The script needs to be fast paced to cover the time spans of Juli’s life.  To do this, Brenna Lee-Cooney cleverly layers stories, which quickly loose me as I struggle to work out who the characters are. This is especially confusing at first given some actors play multiple roles. The narrator  (played by Eamonn Clohesy) weaves in an out of the play as a character within and without the story.  However, it doesn’t take long to find a foothold once the characters evolve.  In another scene, Juli (played by Samuel Valentine), the central character sits unknowing on the stage edge as behind him events that will affect his future unfold.  As Juli sits blissfully unaware, the audience are held in the tense knowledge that his fate is being established contrary to his will.


The script also uses mime intwined with other visual props.  You are required to imagine pies and sausages in the hands of Mrs Chisto, a loaf of communal bread being ceremoniously broken, and the squeaky bicycle that the policeman (played by Sandro Colarelli) uses to arrest Juli.

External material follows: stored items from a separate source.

(* Let $\Sigma=[\sigma_{hk}]$ be a $p\times p$ Hermitian positive definite complex matrix and $\alpha=(n_1,m_1,\dots,n_p,m_p)\in\mathbb Z_{\ge0}^{2p}$, with $N=\{h:n_h\neq0\}$, $M=\{k:m_k\neq0\}$, $S^N_h=\{k\in M:\sigma_{hk}\neq0\}$ for $h\in N$. For each $h\in N$ with $S^N_h\neq\emptyset$ let $A_h$ be the $2p\times\#S^N_h$ matrix with columns $a_{(hk)}=\sigma_{hk}(m_k e_h+n_h e_{p+k})$, $k\in S^N_h$, and let $t_h=(\nu(\alpha^-_{hk}))_{k\in S^N_h}$, where $\alpha^-_{hk}=\alpha-\epsilon_{2h-1}-\epsilon_{2k}$. Let $A=[A_h]_{h\in N,\,S^N_h\neq\emptyset}$ (blocks placed side by side), $t$ the column vector obtained by stacking the $t_h$ in the same order, and $b=\sum_{h\in N}e_h+\sum_{k\in M}e_{p+k}$. Then $$A\,t=\nu(\alpha)\,b .$$ Moreover, for each $h\notin N$ the $h$-th row of $A$ is null and $b_h=0$, and for each $k\notin M$ the $(p+k)$-th row of $A$ is null and $b_{p+k}=0$.
   Context: $\mathcal{CN}_p(\Sigma)$ has density $\varphi(z;\Sigma)=\frac{1}{\pi^p\det\Sigma}\exp(-z^*\Sigma^{-1}z)$ on $\mathbb C^p\cong\mathbb R^{2p}$; $\nu(\alpha)=\int_{\mathbb C^p}\prod_{j=1}^p z_j^{n_j}\bar z_j^{m_j}\varphi(z;\Sigma)\,dz$. Here $e_1,\dots,e_{2p}$ denotes the canonical basis of the space of $2p$-vectors used to build $A$ and $b$, and $\epsilon_1,\dots,\epsilon_{2p}$ the canonical basis of $\mathbb Z^{2p}$ in the multi-index notation (the paper uses the same symbol $e_j$ for both). *)

theory Defs
  imports "HOL-Analysis.Analysis"
begin
(* Let $p,q$ be positive integers with $2\le p/q<4$, let $G$ be a graph and $f$ a $(p,q)$-colouring of $G$, and let $f'$ be the $(p,q)$-colouring obtained from $f$ by recolouring a vertex set $X$ by $1$ (i.e. $f'(v)\equiv f(v)+1\pmod p$ for $v\in X$, $f'(v)=f(v)$ otherwise, and $f'$ is assumed to be a $(p,q)$-colouring). Then $f'$ can be obtained from $f$ by a sequence of recolourings of single vertices, in which every intermediate map is a $(p,q)$-colouring, if and only if the induced subdigraph $D_f[X]$ contains no directed cycle.
   Context: A $(p,q)$-colouring of $G$ is a map $f:V(G)\to\{0,\dots,p-1\}$ with $q\le|f(u)-f(v)|\le p-q$ for every edge $uv$. $D_f$ is the digraph on $V(G)$ with an arc $\overrightarrow{xy}$ whenever $xy\in E(G)$ and $f(y)-f(x)\equiv q\pmod p$ (so when $p=2q$ every edge of $G$ gives arcs in both directions, i.e. a directed 2-cycle). Directed cycles include directed 2-cycles. *)

theory Defs
  imports Main
begin

definition graph :: "'a set \<Rightarrow> ('a \<Rightarrow> 'a \<Rightarrow> bool) \<Rightarrow> bool" where
  "graph V E \<longleftrightarrow> finite V \<and> (\<forall>u v. E u v \<longrightarrow> u \<in> V \<and> v \<in> V)
     \<and> (\<forall>u v. E u v \<longrightarrow> E v u) \<and> (\<forall>v. \<not> E v v)"

definition pq_colouring :: "nat \<Rightarrow> nat \<Rightarrow> 'a set \<Rightarrow> ('a \<Rightarrow> 'a \<Rightarrow> bool) \<Rightarrow> ('a \<Rightarrow> nat) \<Rightarrow> bool" where
  "pq_colouring p q V E f \<longleftrightarrow> (\<forall>v\<in>V. f v < p) \<and>
     (\<forall>u v. E u v \<longrightarrow> int q \<le> \<bar>int (f u) - int (f v)\<bar> \<and> \<bar>int (f u) - int (f v)\<bar> \<le> int p - int q)"

definition Df_arc :: "nat \<Rightarrow> nat \<Rightarrow> ('a \<Rightarrow> 'a \<Rightarrow> bool) \<Rightarrow> ('a \<Rightarrow> nat) \<Rightarrow> 'a \<Rightarrow> 'a \<Rightarrow> bool" where
  "Df_arc p q E f x y \<longleftrightarrow> E x y \<and> (int (f y) - int (f x)) mod int p = int q mod int p"

definition has_dicycle_in :: "nat \<Rightarrow> nat \<Rightarrow> ('a \<Rightarrow> 'a \<Rightarrow> bool) \<Rightarrow> ('a \<Rightarrow> nat) \<Rightarrow> 'a set \<Rightarrow> bool" where
  "has_dicycle_in p q E f X \<longleftrightarrow> (\<exists>cs. length cs \<ge> 2 \<and> distinct cs \<and> set cs \<subseteq> X \<and>
      (\<forall>i < length cs - 1. Df_arc p q E f (cs ! i) (cs ! Suc i)) \<and>
      Df_arc p q E f (last cs) (hd cs))"

definition reconfigurable :: "nat \<Rightarrow> nat \<Rightarrow> 'a set \<Rightarrow> ('a \<Rightarrow> 'a \<Rightarrow> bool) \<Rightarrow> ('a \<Rightarrow> nat) \<Rightarrow> ('a \<Rightarrow> nat) \<Rightarrow> bool" where
  "reconfigurable p q V E f g \<longleftrightarrow> (\<exists>fs. fs \<noteq> [] \<and>
      (\<forall>v\<in>V. hd fs v = f v) \<and> (\<forall>v\<in>V. last fs v = g v) \<and>
      (\<forall>h\<in>set fs. pq_colouring p q V E h) \<and>
      (\<forall>i < length fs - 1. \<exists>u\<in>V. \<forall>v\<in>V - {u}. (fs ! i) v = (fs ! Suc i) v))"

end

theory Submission
  imports Defs "HOL-Library.Transitive_Closure_Table"
begin

text \<open>An arc \<open>x \<rightarrow> y\<close> of \<open>D\<^sub>f\<close> means that \<open>f y\<close> is exactly \<open>q\<close> above \<open>f x\<close>
(cyclically), so raising \<open>f x\<close> by one is blocked by \<open>y\<close> until \<open>y\<close> itself has moved.
If \<open>D\<^sub>f[X]\<close> is acyclic, the vertices of \<open>X\<close> can therefore be raised one at a
time in reverse topological order, and each intermediate map is a colouring.
Conversely, when \<open>p < 4q\<close>, a vertex with an in-arc and an out-arc of \<open>D\<^sub>f\<close> is
frozen as long as the two arc neighbours keep their colours: the colours at
cyclic distance at least \<open>q\<close> from both \<open>f x - q\<close> and \<open>f x + q\<close> reduce to \<open>f x\<close>.
Hence single-vertex recolourings never change a vertex on a directed cycle,
while the target colouring changes every vertex of \<open>X\<close>.\<close>

definition shift_colours :: "nat \<Rightarrow> 'a set \<Rightarrow> ('a \<Rightarrow> nat) \<Rightarrow> 'a \<Rightarrow> nat" where
  "shift_colours p S f = (\<lambda>v. if v \<in> S then (f v + 1) mod p else f v)"

definition Df_on :: "nat \<Rightarrow> nat \<Rightarrow> ('a \<Rightarrow> 'a \<Rightarrow> bool) \<Rightarrow> ('a \<Rightarrow> nat) \<Rightarrow> 'a set \<Rightarrow> 'a rel" where
  "Df_on p q E f X = {(x, y). x \<in> X \<and> y \<in> X \<and> Df_arc p q E f x y}"

definition pq_compatible :: "nat \<Rightarrow> nat \<Rightarrow> nat \<Rightarrow> nat \<Rightarrow> bool" where
  "pq_compatible p q a b \<longleftrightarrow> int q \<le> \<bar>int a - int b\<bar> \<and> \<bar>int a - int b\<bar> \<le> int p - int q"

lemma pq_compatible_commute: "pq_compatible p q a b \<longleftrightarrow> pq_compatible p q b a"
  unfolding pq_compatible_def by (simp add: abs_minus_commute)

lemma pq_colouring_iff:
  "pq_colouring p q V E f \<longleftrightarrow> (\<forall>v\<in>V. f v < p) \<and> (\<forall>u v. E u v \<longrightarrow> pq_compatible p q (f u) (f v))"
  unfolding pq_colouring_def pq_compatible_def ..

lemma pq_colouring_less: "pq_colouring p q V E f \<Longrightarrow> v \<in> V \<Longrightarrow> f v < p"
  unfolding pq_colouring_iff by blast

Opening up the imagination in this way insists that you become fully involved in the story and all external happenings, including the town hall clock chiming, disappear.  This also works because the play is performed without interval so there is no escape once you are inside the head of Brenna’s world in The Untouchable Juli.


Not reading the book had the major advantage of a surprise ending.  The humour had led me to believe that this story would end happily with Juli marrying the only girl who showed him understanding, and living happily ever after. This in part does happen, Juli does get the girl, but in the midst of circumstances so tragic that the final scene where Samuel Valentine as Juli robotically hacks away at the invisible carcass on the butchers bench, haunts you long after the actors final bow has been taken.